When the "breaking the news to my parents" day/event arrives, start off by explaining to your parents that you have thought long and hard about your decision and in the end you realised that quitting will be better for you. Explain to them that it will be a waste of their money (or your scholarship providers money) if you continue because you do not have a passion for what you are doing and therefore you are most certain you won't be able to make a success out of it one day as a career because of this reason. Go on to remind them that life is short and it does not help wasting valuable time on something if it makes you miserable. Then read them the list of reasons why studying is not right for you personally and the list of reasons why studying is not necessary for everyone in life to make a success. Once done you can finish off by naming the names of around fifty highly successful people who don't have any formal education or training (which you compiled earlier using Google). To completely round off the topic/conversation you could add something in the lines of; "Success comes from hard work and not academic training. If you enjoy something and are therefore compelled to work hard at it, you are more likely to make a success out of it than if you pursue something you hate and find no enjoyment in". 

Your parents are bound to have a lot to say to you at his point but whichever way it goes just remember that after this whole dreaded discussion with them is over, you can begin to get your life back and the worst will be behind you. Don't feel discouraged if they (your parents) try and retaliate by threatening to make you pay them back for the money's they have already paid or worse, if they threaten to disown you. 85% of the time this is just the initial shock kicking in and in a few weeks they will recant their "threats/decisions". My advice to you for the 15% of cases where this doesn't happen is this - You have one life to live. You have to ultimately live it for yourself and not for others. Time wasted is time you can never get back and if people can't accept your choices and wish to cut you off due to them, then so be it, even if these people are your parents. If they truly love you, they will come around eventually. They had their lives and made their choices. Now is the time for them to trust you to make decisions for yourself as an adult who is over the age of 18. If you are forced to pay them their money back, then do it with pride, even if it takes you years to do this, at least you will have the knowledge that you don't owe anyone for anything and that your actions did not have an effect on anyone but yourself. 

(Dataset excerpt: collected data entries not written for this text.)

(* Suppose QEPmin is in the easy case. For $k\le k_{\max}$ let $\mu^{(k)}$ be the optimal value of rQEPmin (equivalently of rLGopt), let $(\mu^{(k)},x^{(k)})$ be the minimizer of rLGopt and $u^{(k)}=Q_kx^{(k)}$. Then $(\mu^{(k_{\max})},u^{(k_{\max})})$ solves LGopt, and $v^{(k_{\max})}=u^{(k_{\max})}+n_0$ is the unique minimizer of CRQopt.
   Context: Let $A\in\mathbb{R}^{n\times n}$ be symmetric, $C\in\mathbb{R}^{n\times m}$ ($m<n$) full column rank, $b\in\mathbb{R}^m$, $n_0=C(C^{\top}C)^{-1}b$ with $\|n_0\|<1$, $\gamma=\sqrt{1-\|n_0\|^2}$, $P=I-C(C^{\top}C)^{-1}C^{\top}$ (orthogonal projector onto $\mathcal N(C^{\top})$), $b_0=PAn_0\neq0$. CRQopt: minimize $v^{\top}Av$ s.t. $v^{\top}v=1$, $C^{\top}v=b$. LGopt: minimize $\lambda$ over $(\lambda,u)$ with $(PAP-\lambda I)u=-b_0$, $\|u\|=\gamma$, $u\in\mathcal N(C^{\top})$. QEPmin: minimize $\lambda$ over $(\lambda,z)$, $\lambda\in\mathbb{R}$, $0\ne z\in\mathcal N(C^{\top})$, $(PAP-\lambda I)^2z=\gamma^{-2}b_0b_0^{\top}z$; it is in the hard case if it has a minimizer with $b_0^{\top}z=0$, and in the easy case otherwise. Lanczos process with $M=PAP$: $q_0=0$, $\beta_1=\|b_0\|$, $q_1=b_0/\|b_0\|$, for $j=1,2,\dots$: $\alpha_j=q_j^{\top}Mq_j$, $\widehat q_{j+1}=Mq_j-\alpha_jq_j-\beta_jq_{j-1}$, $\beta_{j+1}=\|\widehat q_{j+1}\|$, $q_{j+1}=\widehat q_{j+1}/\beta_{j+1}$ when $\beta_{j+1}>0$; $k_{\max}$ is the smallest $k$ with $\beta_{k+1}=0$. $Q_k=[q_1,\dots,q_k]$, $T_k=Q_k^{\top}PAPQ_k$ (tridiagonal). rLGopt: minimize $\lambda$ over $(\lambda,x)\in\mathbb{R}\times\mathbb{R}^k$ with $(T_k-\lambda I)x=-\|b_0\|e_1$, $\|x\|=\gamma$. rQEPmin: minimize $\lambda$ over $\lambda\in\mathbb{R}$, $0\ne w\in\mathbb{R}^k$ with $(T_k-\lambda I)^2w=\gamma^{-2}\|b_0\|^2e_1e_1^{\top}w$. *)

theory Defs
  imports "HOL-Analysis.Analysis"
begin

definition n0 :: "real^'m^'n \<Rightarrow> real^'m \<Rightarrow> real^'n" where
  "n0 C b = C *v (matrix_inv (transpose C ** C) *v b)"

definition gam :: "real^'m^'n \<Rightarrow> real^'m \<Rightarrow> real" where
  "gam C b = sqrt (1 - (norm (n0 C b))^2)"

definition Pproj :: "real^'m^'n \<Rightarrow> real^'n^'n" where
  "Pproj C = mat 1 - C ** matrix_inv (transpose C ** C) ** transpose C"

definition b0 :: "real^'n^'n \<Rightarrow> real^'m^'n \<Rightarrow> real^'m \<Rightarrow> real^'n" where
  "b0 A C b = Pproj C *v (A *v n0 C b)"

definition Mmat :: "real^'n^'n \<Rightarrow> real^'m^'n \<Rightarrow> real^'n^'n" where
  "Mmat A C = Pproj C ** A ** Pproj C"

text \<open>Lanczos process with matrix M and start vector r (= b0).
  lanczos M r j = (q_j, q_(j+1), beta_(j+1)), with q_0 = 0.\<close>

fun lanczos :: "real^'n^'n \<Rightarrow> real^'n \<Rightarrow> nat \<Rightarrow> ((real^'n) \<times> (real^'n) \<times> real)" where
  "lanczos M r 0 = (0, (1 / norm r) *\<^sub>R r, norm r)"
| "lanczos M r (Suc j) =
     (let (qp, q, \<beta>) = lanczos M r j;
          \<alpha> = q \<bullet> (M *v q);
          qh = M *v q - \<alpha> *\<^sub>R q - \<beta> *\<^sub>R qp;
          \<beta>' = norm qh
      in (q, (1 / \<beta>') *\<^sub>R qh, \<beta>'))"

definition lz_q :: "real^'n^'n \<Rightarrow> real^'n \<Rightarrow> nat \<Rightarrow> real^'n" where
  "lz_q M r j = fst (lanczos M r j)"

text \<open>beta_j for j \<ge> 1\<close>
definition lz_beta :: "real^'n^'n \<Rightarrow> real^'n \<Rightarrow> nat \<Rightarrow> real" where
  "lz_beta M r j = snd (snd (lanczos M r (j - 1)))"

definition kmax :: "real^'n^'n \<Rightarrow> real^'n \<Rightarrow> nat" where
  "kmax M r = (LEAST k. 1 \<le> k \<and> lz_beta M r (k + 1) = 0)"

text \<open>T_k = Q_k^T M Q_k, entries indexed by i, j in {1..k}\<close>
definition Tk :: "real^'n^'n \<Rightarrow> real^'n \<Rightarrow> nat \<Rightarrow> nat \<Rightarrow> real" where
  "Tk M r i j = lz_q M r i \<bullet> (M *v lz_q M r j)"

text \<open>Q_k x for x in R^k (x represented as nat \<Rightarrow> real, coordinates 1..k)\<close>
definition Qmul :: "real^'n^'n \<Rightarrow> real^'n \<Rightarrow> nat \<Rightarrow> (nat \<Rightarrow> real) \<Rightarrow> real^'n" where
  "Qmul M r k x = (\<Sum>j\<in>{1..k}. x j *\<^sub>R lz_q M r j)"

definition rLG_feasible :: "real^'n^'n \<Rightarrow> real^'n \<Rightarrow> real \<Rightarrow> nat \<Rightarrow> real \<Rightarrow> (nat \<Rightarrow> real) \<Rightarrow> bool" where
  "rLG_feasible M r g k mu x \<longleftrightarrow>
     (\<forall>i. i \<notin> {1..k} \<longrightarrow> x i = 0) \<and>
     (\<forall>i\<in>{1..k}. (\<Sum>j\<in>{1..k}. Tk M r i j * x j) - mu * x i = - (if i = 1 then norm r else 0)) \<and>
     sqrt (\<Sum>i\<in>{1..k}. (x i)^2) = g"

definition rLG_minimizer :: "real^'n^'n \<Rightarrow> real^'n \<Rightarrow> real \<Rightarrow> nat \<Rightarrow> real \<Rightarrow> (nat \<Rightarrow> real) \<Rightarrow> bool" where
  "rLG_minimizer M r g k mu x \<longleftrightarrow> rLG_feasible M r g k mu x \<and>
     (\<forall>mu' x'. rLG_feasible M r g k mu' x' \<longrightarrow> mu \<le> mu')"

definition LG_feasible :: "real^'n^'n \<Rightarrow> real^'m^'n \<Rightarrow> real^'m \<Rightarrow> real \<Rightarrow> real^'n \<Rightarrow> bool" where
  "LG_feasible A C b mu u \<longleftrightarrow>
     (Mmat A C - mu *\<^sub>R mat 1) *v u = - b0 A C b \<and> norm u = gam C b \<and> transpose C *v u = 0"

definition LG_solution :: "real^'n^'n \<Rightarrow> real^'m^'n \<Rightarrow> real^'m \<Rightarrow> real \<Rightarrow> real^'n \<Rightarrow> bool" where
  "LG_solution A C b mu u \<longleftrightarrow> LG_feasible A C b mu u \<and>
     (\<forall>mu' u'. LG_feasible A C b mu' u' \<longrightarrow> mu \<le> mu')"

definition QEP_feasible :: "real^'n^'n \<Rightarrow> real^'m^'n \<Rightarrow> real^'m \<Rightarrow> real \<Rightarrow> real^'n \<Rightarrow> bool" where
  "QEP_feasible A C b mu z \<longleftrightarrow> z \<noteq> 0 \<and> transpose C *v z = 0 \<and>
     ((Mmat A C - mu *\<^sub>R mat 1) ** (Mmat A C - mu *\<^sub>R mat 1)) *v z
       = (1 / (gam C b)^2) *\<^sub>R ((b0 A C b \<bullet> z) *\<^sub>R b0 A C b)"

definition QEP_minimizer :: "real^'n^'n \<Rightarrow> real^'m^'n \<Rightarrow> real^'m \<Rightarrow> real \<Rightarrow> real^'n \<Rightarrow> bool" where
  "QEP_minimizer A C b mu z \<longleftrightarrow> QEP_feasible A C b mu z \<and>
     (\<forall>mu' z'. QEP_feasible A C b mu' z' \<longrightarrow> mu \<le> mu')"

definition QEP_hard_case :: "real^'n^'n \<Rightarrow> real^'m^'n \<Rightarrow> real^'m \<Rightarrow> bool" where
  "QEP_hard_case A C b \<longleftrightarrow> (\<exists>mu z. QEP_minimizer A C b mu z \<and> b0 A C b \<bullet> z = 0)"

definition QEP_easy_case :: "real^'n^'n \<Rightarrow> real^'m^'n \<Rightarrow> real^'m \<Rightarrow> bool" where
  "QEP_easy_case A C b \<longleftrightarrow> \<not> QEP_hard_case A C b"

definition CRQ_feasible :: "real^'m^'n \<Rightarrow> real^'m \<Rightarrow> real^'n \<Rightarrow> bool" where
  "CRQ_feasible C b v \<longleftrightarrow> v \<bullet> v = 1 \<and> transpose C *v v = b"

definition CRQ_minimizer :: "real^'n^'n \<Rightarrow> real^'m^'n \<Rightarrow> real^'m \<Rightarrow> real^'n \<Rightarrow> bool" where
  "CRQ_minimizer A C b v \<longleftrightarrow> CRQ_feasible C b v \<and>
     (\<forall>v'. CRQ_feasible C b v' \<longrightarrow> v \<bullet> (A *v v) \<le> v' \<bullet> (A *v v'))"

end

theory Submission
  imports Defs
begin

(* Write a feasible v as v = n0 + u with u in N(C^T). Since n0 is orthogonal to N(C^T),
   CRQopt becomes the minimisation of u'Mu + 2 b0'u, M = PAP, over the sphere
   ||u|| = gamma of N(C^T). By compactness a minimiser u exists; its first- and second-order
   conditions give (M - mu I) u = -b0 with M - mu I positive semidefinite on N(C^T), and such
   a mu is the least value of LGopt. In the easy case M - mu I is even positive definite, for
   a null vector of it would be a minimiser of QEPmin orthogonal to b0. Then u is the unique
   minimiser, and since M - mu I is injective on N(C^T) and maps the M-invariant Krylov space
   span {q_1, ..., q_kmax}, which contains b0, onto itself, u lies in that Krylov space.
   In the orthonormal Lanczos basis of this space the equations of LGopt are exactly those
   of rLGopt, so rLGopt at k = kmax has the same optimal value mu and the solution Q x = u. *)

declare transpose_matrix_vector [simp del]

lemma transpose_diff: "transpose (A - B) = transpose A - transpose (B :: 'a::ring^'n^'m)"
  by (simp add: transpose_def vec_eq_iff)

With this all being said, quitting is not a decision to be taken lightly. Be very sure about your actions before taking them. Take at least a semester to think about it long and hard and then only quit if your feelings have stayed the same all the time. If you have any doubts, rather make an appointment with a student counsellor or join a student support group to see if you cannot resolve any of your issues that way first. Many students tend to quit due to feeling overwhelmed or when they are battling to cope. They then convince themselves the real reason for quitting is due to them not having a like or a passion for what they are doing, or simply that university/college is not for them. Be 100% sure of your reasons and also be sure of how you are going to feel once you have quit. If you feel you are going to have any type of regrets, then maybe you are being too hasty. 

Take care and good luck in your choices. I hope my suggestions can help some of you out there. 

P.S - If anyone has any stories to share with us regarding how they told their parents they were going to quit, pls share these with us in the comments section, as I am sure many students will find help in these.